Гонтарь вышел в салон, играя пистолетом, объявил:
— Вы мне, граждане, нужны временно. Гарантирую вам жизнь и здоровье на долгие годы, если будете сидеть тихо и не рыпаться. И если начальство выполнит наши условия. Пока отдыхайте. Насколько и вы и мы знаем социалистическую систему, ее бюрократический аппарат, пройдет время, прежде чем начальство решит, что делать. Так что не обессудьте, придется потерпеть. Прошу прощения за моральные и иные неудобства, сами от них страдаем. Предупреждаю тех, кто попытается проявить свои высокие патриотические или гражданские качества: рас-стре-ля-ем! Понятно сказал? Шлепнем, как говаривали революционные матросы. Так вот, мужики, прежде всего к вам обращаюсь, — не гоните волну, не подвергайте свою жизнь и жизнь других опасности, ведь жизнь, как известно, дается один раз. Сидите тихо.

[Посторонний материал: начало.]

(* Let $\Sigma(B)\subset\Sigma(C)\subset(\mathbb{N}^* )^{\mathbb{Z}}$ be two transitive and symmetric subshifts of finite type. Let $x\in\mathbb{R}$ be such that $m(\beta)\le x$ for all $\beta\in\Sigma(B)$. Suppose that $\gamma\in\Sigma(C)$ satisfies $m(\gamma)=\lambda_0(\gamma)=m>x$ and that $\gamma$ connects both positively and negatively to $B$. Then $m\in L$.
   Context: $\mathbb{N}^*$ denotes the positive integers. For $\underline a=(a_n)_{n\in\mathbb{Z}}\in(\mathbb{N}^* )^{\mathbb{Z}}$: $\lambda_0(\underline a)=[a_0;a_1,a_2,\dots]+[0;a_{-1},a_{-2},\dots]$; $\sigma$ is the left shift; $m(\underline a)=\sup_{n\in\mathbb{Z}}\lambda_0(\sigma^n\underline a)$ (Markov value), $\ell(\underline a)=\limsup_{n\to\infty}\lambda_0(\sigma^n\underline a)$ (Lagrange value); $L=\{\ell(\underline a):\underline a\in(\mathbb{N}^* )^{\mathbb{Z}}\}$ is the Lagrange spectrum. For a subshift $\Sigma(A)\subset(\mathbb{N}^* )^{\mathbb{Z}}$, let $\Sigma^+(A)$ be the set of one-sided sequences $(\theta_1,\theta_2,\dots)$ with $(\theta_n)_{n\in\mathbb{Z}}\in\Sigma(A)$, $K(A)=\{[0;\theta_1,\theta_2,\dots]:(\theta_n)\in\Sigma(A)\}$ and $K^-(A)=\{[0;\theta_{-1},\theta_{-2},\dots]:(\theta_n)\in\Sigma(A)\}$; the subshift is called symmetric if $K(A)=K^-(A)$. A sequence $\alpha\in\Sigma(C)$ with $m(\alpha)=\lambda_0(\alpha)$ connects positively to $B$ if for every $k\in\mathbb{N}$ there exist a finite word $\tau$ and $\upsilon\in\Sigma^+(B)$ such that the bi-infinite sequence $\tilde\alpha:=\dots\alpha_{-2}\alpha_{-1}\alpha_0\dots\alpha_k\tau\upsilon$ (which agrees with $\alpha$ at indices $\le k$ and is followed by $\tau$ and then $\upsilon$) satisfies $m(\tilde\alpha)<m(\alpha)+2^{-k}$. It connects negatively to $B$ if the reversed sequence $\alpha^t=(\alpha_{-n})_{n\in\mathbb{Z}}$ connects positively to $B$. *)

theory Defs
  imports Complex_Main "HOL-Library.Liminf_Limsup" "HOL-Library.Extended_Real"
begin

type_synonym bseq = "int \<Rightarrow> nat"

fun cfrac_fin :: "nat \<Rightarrow> (nat \<Rightarrow> nat) \<Rightarrow> real" where
  "cfrac_fin 0 a = real (a 0)"
| "cfrac_fin (Suc n) a = real (a 0) + 1 / cfrac_fin n (\<lambda>k. a (Suc k))"

definition cfrac :: "(nat \<Rightarrow> nat) \<Rightarrow> real" where
  "cfrac a = lim (\<lambda>n. cfrac_fin n a)"

text \<open>[0; a1, a2, ...] = 1 / [a1; a2, ...].\<close>
definition cfrac0 :: "(nat \<Rightarrow> nat) \<Rightarrow> real" where
  "cfrac0 a = 1 / cfrac a"

definition positive_seq :: "bseq \<Rightarrow> bool" where
  "positive_seq \<theta> \<longleftrightarrow> (\<forall>n. \<theta> n \<ge> 1)"

definition lambda0 :: "bseq \<Rightarrow> real" where
  "lambda0 \<theta> = cfrac (\<lambda>k. \<theta> (int k)) + cfrac0 (\<lambda>k. \<theta> (- int k - 1))"

definition shiftn :: "int \<Rightarrow> bseq \<Rightarrow> bseq" where
  "shiftn n \<theta> = (\<lambda>k. \<theta> (k + n))"

definition markov :: "bseq \<Rightarrow> ereal" where
  "markov \<theta> = (SUP n::int. ereal (lambda0 (shiftn n \<theta>)))"

definition lagrange :: "bseq \<Rightarrow> ereal" where
  "lagrange \<theta> = limsup (\<lambda>n::nat. ereal (lambda0 (shiftn (int n) \<theta>)))"

definition lagrange_spectrum :: "real set" where
  "lagrange_spectrum = {l. \<exists>\<theta>. positive_seq \<theta> \<and> lagrange \<theta> = ereal l}"

definition sft :: "bseq set \<Rightarrow> bool" where
  "sft S \<longleftrightarrow> (\<exists>N::nat. \<exists>W :: nat list set. N \<ge> 1 \<and> finite W \<and>
      (\<forall>w\<in>W. \<forall>c\<in>set w. c \<ge> 1) \<and>
      S = {\<theta>. \<forall>n::int. map (\<lambda>i. \<theta> (n + int i)) [0..<N] \<in> W})"

text \<open>Topological transitivity: any admissible word can be followed (later) by any
  other admissible word within one sequence of the subshift.\<close>
definition transitive_shift :: "bseq set \<Rightarrow> bool" where
  "transitive_shift S \<longleftrightarrow> (\<forall>\<theta>1\<in>S. \<forall>\<theta>2\<in>S. \<forall>a b :: int. \<forall>k::nat.
      \<exists>\<theta>\<in>S. \<exists>p::int. p \<ge> int k \<and>
        (\<forall>i<k. \<theta> (int i) = \<theta>1 (a + int i)) \<and> (\<forall>i<k. \<theta> (p + int i) = \<theta>2 (b + int i)))"

definition Kplus :: "bseq set \<Rightarrow> real set" where
  "Kplus S = {cfrac0 (\<lambda>k. \<theta> (int k)) | \<theta>. \<theta> \<in> S}"

definition Kminus :: "bseq set \<Rightarrow> real set" where
  "Kminus S = {cfrac0 (\<lambda>k. \<theta> (- int k)) | \<theta>. \<theta> \<in> S}"

text \<open>Note cfrac0 a = [0; a_1, a_2, ...] only reads a_1, a_2, ..., so Kplus uses
  theta_1, theta_2, ... and Kminus uses theta_{-1}, theta_{-2}, ...\<close>
definition symmetric_shift :: "bseq set \<Rightarrow> bool" where
  "symmetric_shift S \<longleftrightarrow> Kplus S = Kminus S"

text \<open>One-sided sequences (theta_1, theta_2, ...), stored with index shifted to start at 0.\<close>
definition Sigma_plus :: "bseq set \<Rightarrow> (nat \<Rightarrow> nat) set" where
  "Sigma_plus S = {(\<lambda>i. \<theta> (int i + 1)) | \<theta>. \<theta> \<in> S}"

text \<open>The sequence ... alpha_{k-1} alpha_k tau upsilon.\<close>
definition glue :: "bseq \<Rightarrow> nat \<Rightarrow> nat list \<Rightarrow> (nat \<Rightarrow> nat) \<Rightarrow> bseq" where
  "glue \<alpha> k \<tau> \<upsilon> = (\<lambda>n. if n \<le> int k then \<alpha> n
      else if n \<le> int k + int (length \<tau>) then \<tau> ! nat (n - int k - 1)
      else \<upsilon> (nat (n - int k - int (length \<tau>) - 1)))"

definition connects_pos :: "bseq \<Rightarrow> bseq set \<Rightarrow> bool" where
  "connects_pos \<alpha> B \<longleftrightarrow> (\<forall>k::nat. \<exists>\<tau> \<upsilon>. (\<forall>c\<in>set \<tau>. c \<ge> 1) \<and> \<upsilon> \<in> Sigma_plus B \<and>
      markov (glue \<alpha> k \<tau> \<upsilon>) < markov \<alpha> + ereal ((1/2) ^ k))"

definition transpose_seq :: "bseq \<Rightarrow> bseq" where
  "transpose_seq \<alpha> = (\<lambda>n. \<alpha> (- n))"

definition connects_neg :: "bseq \<Rightarrow> bseq set \<Rightarrow> bool" where
  "connects_neg \<alpha> B \<longleftrightarrow> connects_pos (transpose_seq \<alpha>) B"

end

theory Submission
  imports Defs
begin

(*
  The connections of gamma to B give, for every k, sequences P_k and N_k that agree with gamma
  on [..k] resp. [-k..], continue with a sequence of B, and have Markov value below m + 2^-k.
  By symmetry of B the left tail of N_k is read off a sequence of B as well, so transitivity
  of B bridges the tail of P_k to the tail of N_(k+1) by a sequence J_k of B, whose Markov value
  is at most x < m. Splicing N_k, P_k, J_k for k = 1, 2, ... with overlaps of radius k yields a
  sequence in which every late position sees a long window of a single piece. Since lambda_0
  changes by O(2^-w) when only digits at distance > w change, the lambda_0 values of the
  spliced sequence are eventually below m + o(1), and at the copies of the centre of gamma they
  tend to m. So its Lagrange value is m.
*)

section \<open>Continued fractions\<close>

definition pos_quotients :: "(nat \<Rightarrow> nat) \<Rightarrow> bool" where
  "pos_quotients a \<longleftrightarrow> (\<forall>i. 1 \<le> a i)"

lemma pos_quotients_tl: "pos_quotients a \<Longrightarrow> pos_quotients (\<lambda>i. a (Suc i))"
  by (simp add: pos_quotients_def)

lemma cfrac_fin_ge_1: "pos_quotients a \<Longrightarrow> 1 \<le> cfrac_fin n a"
proof (induction n arbitrary: a)
  case 0
  then show ?case by (simp add: pos_quotients_def)
next
  case (Suc n)
  have "1 \<le> real (a 0)" using Suc.prems by (simp add: pos_quotients_def)
  moreover have "0 < 1 / cfrac_fin n (\<lambda>i. a (Suc i))"
    using Suc pos_quotients_tl by fastforce
  ultimately show ?case by (simp only: cfrac_fin.simps)
qed

lemma inverse_add_inverse_contract:
  fixes c X Y :: real
  assumes "1 \<le> c" "1 \<le> X" "1 \<le> Y"
  shows "\<bar>1 / (c + 1 / X) - 1 / (c + 1 / Y)\<bar> \<le> \<bar>X - Y\<bar> / 4"
proof -
  have X: "2 \<le> c * X + 1" and Y: "2 \<le> c * Y + 1"
    using assms mult_mono[of 1 c 1 X] mult_mono[of 1 c 1 Y] by simp_all
  have "1 / (c + 1 / X) - 1 / (c + 1 / Y) = (X - Y) / ((c * X + 1) * (c * Y + 1))"
    using assms X Y by (simp add: field_simps)
  also have "\<bar>\<dots>\<bar> = \<bar>X - Y\<bar> / ((c * X + 1) * (c * Y + 1))"
    using X Y by (simp add: abs_divide abs_mult)
  also have "\<dots> \<le> \<bar>X - Y\<bar> / 4"
    using mult_mono[OF X Y] X Y by (intro divide_left_mono) auto
  finally show ?thesis .
qed

lemma inverse_cfrac_fin_contract:
  assumes "pos_quotients a" "pos_quotients b" "a 0 = b 0" "a 1 = b 1"
  shows "\<bar>1 / cfrac_fin (Suc (Suc p)) a - 1 / cfrac_fin (Suc (Suc q)) b\<bar>
    \<le> \<bar>1 / cfrac_fin p (\<lambda>i. a (Suc (Suc i))) - 1 / cfrac_fin q (\<lambda>i. b (Suc (Suc i)))\<bar> / 4"
proof -
  let ?x = "1 / cfrac_fin p (\<lambda>i. a (Suc (Suc i)))" and ?y = "1 / cfrac_fin q (\<lambda>i. b (Suc (Suc i)))"
  have tl2: "pos_quotients (\<lambda>i. a (Suc (Suc i)))" "pos_quotients (\<lambda>i. b (Suc (Suc i)))"
    using assms(1,2) by (simp_all add: pos_quotients_def)
  have "1 \<le> real (a 1)"
    using assms(1) by (simp add: pos_quotients_def)
  moreover have "0 < ?x" "0 < ?y"
    using cfrac_fin_ge_1[OF tl2(1), of p] cfrac_fin_ge_1[OF tl2(2), of q] by simp_all
  ultimately have "1 \<le> a 1 + ?x" "1 \<le> a 1 + ?y"
    by linarith+
  then show ?thesis
    using inverse_add_inverse_contract[of "a 0" "a 1 + ?x" "a 1 + ?y"] assms
    by (simp add: pos_quotients_def)
qed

Пассажиры в сумрачно освещенном салоне молчали, даже детей не было слышно.
— Прекрасно, — удовлетворенно хмыкнул Гонтарь, усаживаясь в свободное кресло. — Демократия и гласность нам сейчас ни к чему. Тоталитарные режимы чувствуют себя при такой единодушной поддержке масс более уверенно. Благодарю.